# Problem description
The answer is all of the data, repeated exactly.

# Recorded data
(* Let $2<\alpha<4$ and $c\ge 1$. For $N_1>0$ set $N_2=cN_1$, and let $(\Lambda_1^*,\Lambda_2^* )$ be the Nash equilibrium of the two-player Random Access Game in which player $i\in\{1,2\}$ chooses $\Lambda_i\in[0,N_i]$ and receives payoff \[ U_i(\Lambda_1,\Lambda_2)=\sup_{\beta>0}\ \Lambda_i\log(1+\beta)\,e^{-(\Lambda_1+\Lambda_2)\beta^{2/\alpha}} . \] Then, in the limit $N_1\to\infty$, the equilibrium is \[ (\Lambda_1^*,\Lambda_2^* )=\begin{cases}(N_1,N_2), & N_1\le N_2\le \frac{2}{\alpha-2}N_1,\\[2pt] \left(N_1,\frac{2}{\alpha-2}N_1\right), & \frac{2}{\alpha-2}N_1\le N_2,\end{cases} \] in the sense that $\Lambda_1^*=N_1$ and $\Lambda_2^*/N_1\to\min\!\left(c,\frac{2}{\alpha-2}\right)$ as $N_1\to\infty$.
   Context: A Nash equilibrium is a pair $(\Lambda_1^*,\Lambda_2^* )\in[0,N_1]\times[0,N_2]$ such that $\Lambda_1^*$ maximizes $U_1(\cdot,\Lambda_2^* )$ over $[0,N_1]$ and $\Lambda_2^*$ maximizes $U_2(\Lambda_1^*,\cdot)$ over $[0,N_2]$. Here $\log$ is the natural logarithm. *)

theory Defs
  imports "HOL-Analysis.Analysis"
begin

definition rag_payoff :: "real \<Rightarrow> real \<Rightarrow> real \<Rightarrow> real \<Rightarrow> real" where
  "rag_payoff \<alpha> \<Lambda>i \<Lambda>1 \<Lambda>2 =
     Sup {\<Lambda>i * ln (1 + \<beta>) * exp (- (\<Lambda>1 + \<Lambda>2) * \<beta> powr (2 / \<alpha>)) | \<beta>. \<beta> > 0}"

definition U1 :: "real \<Rightarrow> real \<Rightarrow> real \<Rightarrow> real" where
  "U1 \<alpha> \<Lambda>1 \<Lambda>2 = rag_payoff \<alpha> \<Lambda>1 \<Lambda>1 \<Lambda>2"

definition U2 :: "real \<Rightarrow> real \<Rightarrow> real \<Rightarrow> real" where
  "U2 \<alpha> \<Lambda>1 \<Lambda>2 = rag_payoff \<alpha> \<Lambda>2 \<Lambda>1 \<Lambda>2"

definition nash_eq :: "real \<Rightarrow> real \<Rightarrow> real \<Rightarrow> real \<Rightarrow> real \<Rightarrow> bool" where
  "nash_eq \<alpha> N1 N2 L1 L2 \<longleftrightarrow>
     L1 \<in> {0..N1} \<and> L2 \<in> {0..N2} \<and>
     (\<forall>x\<in>{0..N1}. U1 \<alpha> x L2 \<le> U1 \<alpha> L1 L2) \<and>
     (\<forall>y\<in>{0..N2}. U2 \<alpha> L1 y \<le> U2 \<alpha> L1 L2)"

end

theory Submission
  imports Defs
begin

text \<open>Both payoffs factor as \<open>U\<^sub>i = \<Lambda>\<^sub>i g(\<Lambda>\<^sub>1 + \<Lambda>\<^sub>2)\<close> with a per-unit payoff \<open>g = unit_payoff \<alpha>\<close> of the
  total load. It satisfies \<open>G T\<^sup>-\<^sup>\<alpha>\<^sup>/\<^sup>2 / (1 + O(T\<^sup>-\<^sup>\<alpha>\<^sup>/\<^sup>2)) \<le> g(T) \<le> G T\<^sup>-\<^sup>\<alpha>\<^sup>/\<^sup>2\<close>, and \<open>T\<^sup>\<alpha>\<^sup>/\<^sup>2 g(T)\<close> is
  nondecreasing by concavity of \<open>ln\<close>. So against an opponent load \<open>y\<close> a player's payoff is
  \<open>x (x + y)\<^sup>-\<^sup>\<alpha>\<^sup>/\<^sup>2\<close> times a nondecreasing factor, hence strictly increasing up to
  \<open>x = 2y/(\<alpha> - 2)\<close>, and a best response is at least \<open>min (N\<^sub>i, 2y/(\<alpha> - 2))\<close>. For \<open>\<alpha> < 4\<close>
  the threshold exceeds \<open>y\<close>, which forces \<open>\<Lambda>\<^sub>1 = N\<^sub>1\<close> and \<open>\<Lambda>\<^sub>2 \<ge> min (N\<^sub>2, 2N\<^sub>1/(\<alpha> - 2))\<close>.
  Conversely, for large \<open>N\<^sub>1\<close> the two bounds on \<open>g\<close> agree up to a factor tending to \<open>1\<close>, while
  \<open>t (t + 1)\<^sup>-\<^sup>\<alpha>\<^sup>/\<^sup>2\<close> has a strict maximum at \<open>t = 2/(\<alpha> - 2)\<close>; so player 2 cannot gain by
  exceeding \<open>2N\<^sub>1/(\<alpha> - 2)\<close> by a fixed fraction of \<open>N\<^sub>1\<close>.\<close>

lemma ln_add_one_scaled_ge:
  fixes \<mu> b :: real
  assumes "0 \<le> \<mu>" "\<mu> \<le> 1" "0 \<le> b"
  shows "\<mu> * ln (1 + b) \<le> ln (1 + \<mu> * b)"
proof -
  have "(1 - \<mu>) * ln 1 + \<mu> * ln (1 + b) \<le> ln ((1 - \<mu>) *\<^sub>R 1 + \<mu> *\<^sub>R (1 + b))"
    by (rule concave_onD[OF ln_concave]) (use assms in auto)
  moreover have "(1 - \<mu>) *\<^sub>R 1 + \<mu> *\<^sub>R (1 + b) = 1 + \<mu> * b"
    by (simp add: algebra_simps)
  ultimately show ?thesis
    by (simp add: algebra_simps)
qed

lemma divide_add_one_le_ln_add_one:
  fixes x :: real
  assumes "0 \<le> x"
  shows "x / (1 + x) \<le> ln (1 + x)"
proof -
  have "ln (1 / (1 + x)) \<le> 1 / (1 + x) - 1"
    using assms by (intro ln_le_minus_one) auto
  moreover have "1 / (1 + x) - 1 = - (x / (1 + x))"
    using assms by (simp add: field_simps)
  ultimately show ?thesis
    using assms by (simp add: ln_div)
qed

lemma powr_mult_exp_minus_le:
  fixes a u :: real
  assumes "0 < a" "0 < u"
  shows "u powr a * exp (- u) \<le> a powr a * exp (- a)"
proof -
  have "a * ln (u / a) \<le> a * (u / a - 1)"
    using assms by (intro mult_left_mono ln_le_minus_one) auto
  then have "a * ln u - u \<le> a * ln a - a"
    using assms by (simp add: ln_div algebra_simps)
  then have "exp (a * ln u - u) \<le> exp (a * ln a - a)"
    by simp
  then show ?thesis
    using assms by (simp add: powr_def exp_diff exp_minus divide_inverse)
qed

# Answer box
(* Let $2<\alpha<4$ and $c\ge 1$. For $N_1>0$ set $N_2=cN_1$, and let $(\Lambda_1^*,\Lambda_2^* )$ be the Nash equilibrium of the two-player Random Access Game in which player $i\in\{1,2\}$ chooses $\Lambda_i\in[0,N_i]$ and receives payoff \[ U_i(\Lambda_1,\Lambda_2)=\sup_{\beta>0}\ \Lambda_i\log(1+\beta)\,e^{-(\Lambda_1+\Lambda_2)\beta^{2/\alpha}} . \] Then, in the limit $N_1\to\infty$, the equilibrium is \[ (\Lambda_1^*,\Lambda_2^* )=\begin{cases}(N_1,N_2), & N_1\le N_2\le \frac{2}{\alpha-2}N_1,\\[2pt] \left(N_1,\frac{2}{\alpha-2}N_1\right), & \frac{2}{\alpha-2}N_1\le N_2,\end{cases} \] in the sense that $\Lambda_1^*=N_1$ and $\Lambda_2^*/N_1\to\min\!\left(c,\frac{2}{\alpha-2}\right)$ as $N_1\to\infty$.
   Context: A Nash equilibrium is a pair $(\Lambda_1^*,\Lambda_2^* )\in[0,N_1]\times[0,N_2]$ such that $\Lambda_1^*$ maximizes $U_1(\cdot,\Lambda_2^* )$ over $[0,N_1]$ and $\Lambda_2^*$ maximizes $U_2(\Lambda_1^*,\cdot)$ over $[0,N_2]$. Here $\log$ is the natural logarithm. *)

theory Defs
  imports "HOL-Analysis.Analysis"
begin

definition rag_payoff :: "real \<Rightarrow> real \<Rightarrow> real \<Rightarrow> real \<Rightarrow> real" where
  "rag_payoff \<alpha> \<Lambda>i \<Lambda>1 \<Lambda>2 =
     Sup {\<Lambda>i * ln (1 + \<beta>) * exp (- (\<Lambda>1 + \<Lambda>2) * \<beta> powr (2 / \<alpha>)) | \<beta>. \<beta> > 0}"

definition U1 :: "real \<Rightarrow> real \<Rightarrow> real \<Rightarrow> real" where
  "U1 \<alpha> \<Lambda>1 \<Lambda>2 = rag_payoff \<alpha> \<Lambda>1 \<Lambda>1 \<Lambda>2"

definition U2 :: "real \<Rightarrow> real \<Rightarrow> real \<Rightarrow> real" where
  "U2 \<alpha> \<Lambda>1 \<Lambda>2 = rag_payoff \<alpha> \<Lambda>2 \<Lambda>1 \<Lambda>2"

definition nash_eq :: "real \<Rightarrow> real \<Rightarrow> real \<Rightarrow> real \<Rightarrow> real \<Rightarrow> bool" where
  "nash_eq \<alpha> N1 N2 L1 L2 \<longleftrightarrow>
     L1 \<in> {0..N1} \<and> L2 \<in> {0..N2} \<and>
     (\<forall>x\<in>{0..N1}. U1 \<alpha> x L2 \<le> U1 \<alpha> L1 L2) \<and>
     (\<forall>y\<in>{0..N2}. U2 \<alpha> L1 y \<le> U2 \<alpha> L1 L2)"

end

theory Submission
  imports Defs
begin

text \<open>Both payoffs factor as \<open>U\<^sub>i = \<Lambda>\<^sub>i g(\<Lambda>\<^sub>1 + \<Lambda>\<^sub>2)\<close> with a per-unit payoff \<open>g = unit_payoff \<alpha>\<close> of the
  total load. It satisfies \<open>G T\<^sup>-\<^sup>\<alpha>\<^sup>/\<^sup>2 / (1 + O(T\<^sup>-\<^sup>\<alpha>\<^sup>/\<^sup>2)) \<le> g(T) \<le> G T\<^sup>-\<^sup>\<alpha>\<^sup>/\<^sup>2\<close>, and \<open>T\<^sup>\<alpha>\<^sup>/\<^sup>2 g(T)\<close> is
  nondecreasing by concavity of \<open>ln\<close>. So against an opponent load \<open>y\<close> a player's payoff is
  \<open>x (x + y)\<^sup>-\<^sup>\<alpha>\<^sup>/\<^sup>2\<close> times a nondecreasing factor, hence strictly increasing up to
  \<open>x = 2y/(\<alpha> - 2)\<close>, and a best response is at least \<open>min (N\<^sub>i, 2y/(\<alpha> - 2))\<close>. For \<open>\<alpha> < 4\<close>
  the threshold exceeds \<open>y\<close>, which forces \<open>\<Lambda>\<^sub>1 = N\<^sub>1\<close> and \<open>\<Lambda>\<^sub>2 \<ge> min (N\<^sub>2, 2N\<^sub>1/(\<alpha> - 2))\<close>.
  Conversely, for large \<open>N\<^sub>1\<close> the two bounds on \<open>g\<close> agree up to a factor tending to \<open>1\<close>, while
  \<open>t (t + 1)\<^sup>-\<^sup>\<alpha>\<^sup>/\<^sup>2\<close> has a strict maximum at \<open>t = 2/(\<alpha> - 2)\<close>; so player 2 cannot gain by
  exceeding \<open>2N\<^sub>1/(\<alpha> - 2)\<close> by a fixed fraction of \<open>N\<^sub>1\<close>.\<close>

lemma ln_add_one_scaled_ge:
  fixes \<mu> b :: real
  assumes "0 \<le> \<mu>" "\<mu> \<le> 1" "0 \<le> b"
  shows "\<mu> * ln (1 + b) \<le> ln (1 + \<mu> * b)"
proof -
  have "(1 - \<mu>) * ln 1 + \<mu> * ln (1 + b) \<le> ln ((1 - \<mu>) *\<^sub>R 1 + \<mu> *\<^sub>R (1 + b))"
    by (rule concave_onD[OF ln_concave]) (use assms in auto)
  moreover have "(1 - \<mu>) *\<^sub>R 1 + \<mu> *\<^sub>R (1 + b) = 1 + \<mu> * b"
    by (simp add: algebra_simps)
  ultimately show ?thesis
    by (simp add: algebra_simps)
qed

lemma divide_add_one_le_ln_add_one:
  fixes x :: real
  assumes "0 \<le> x"
  shows "x / (1 + x) \<le> ln (1 + x)"
proof -
  have "ln (1 / (1 + x)) \<le> 1 / (1 + x) - 1"
    using assms by (intro ln_le_minus_one) auto
  moreover have "1 / (1 + x) - 1 = - (x / (1 + x))"
    using assms by (simp add: field_simps)
  ultimately show ?thesis
    using assms by (simp add: ln_div)
qed

lemma powr_mult_exp_minus_le:
  fixes a u :: real
  assumes "0 < a" "0 < u"
  shows "u powr a * exp (- u) \<le> a powr a * exp (- a)"
proof -
  have "a * ln (u / a) \<le> a * (u / a - 1)"
    using assms by (intro mult_left_mono ln_le_minus_one) auto
  then have "a * ln u - u \<le> a * ln a - a"
    using assms by (simp add: ln_div algebra_simps)
  then have "exp (a * ln u - u) \<le> exp (a * ln a - a)"
    by simp
  then show ?thesis
    using assms by (simp add: powr_def exp_diff exp_minus divide_inverse)
qed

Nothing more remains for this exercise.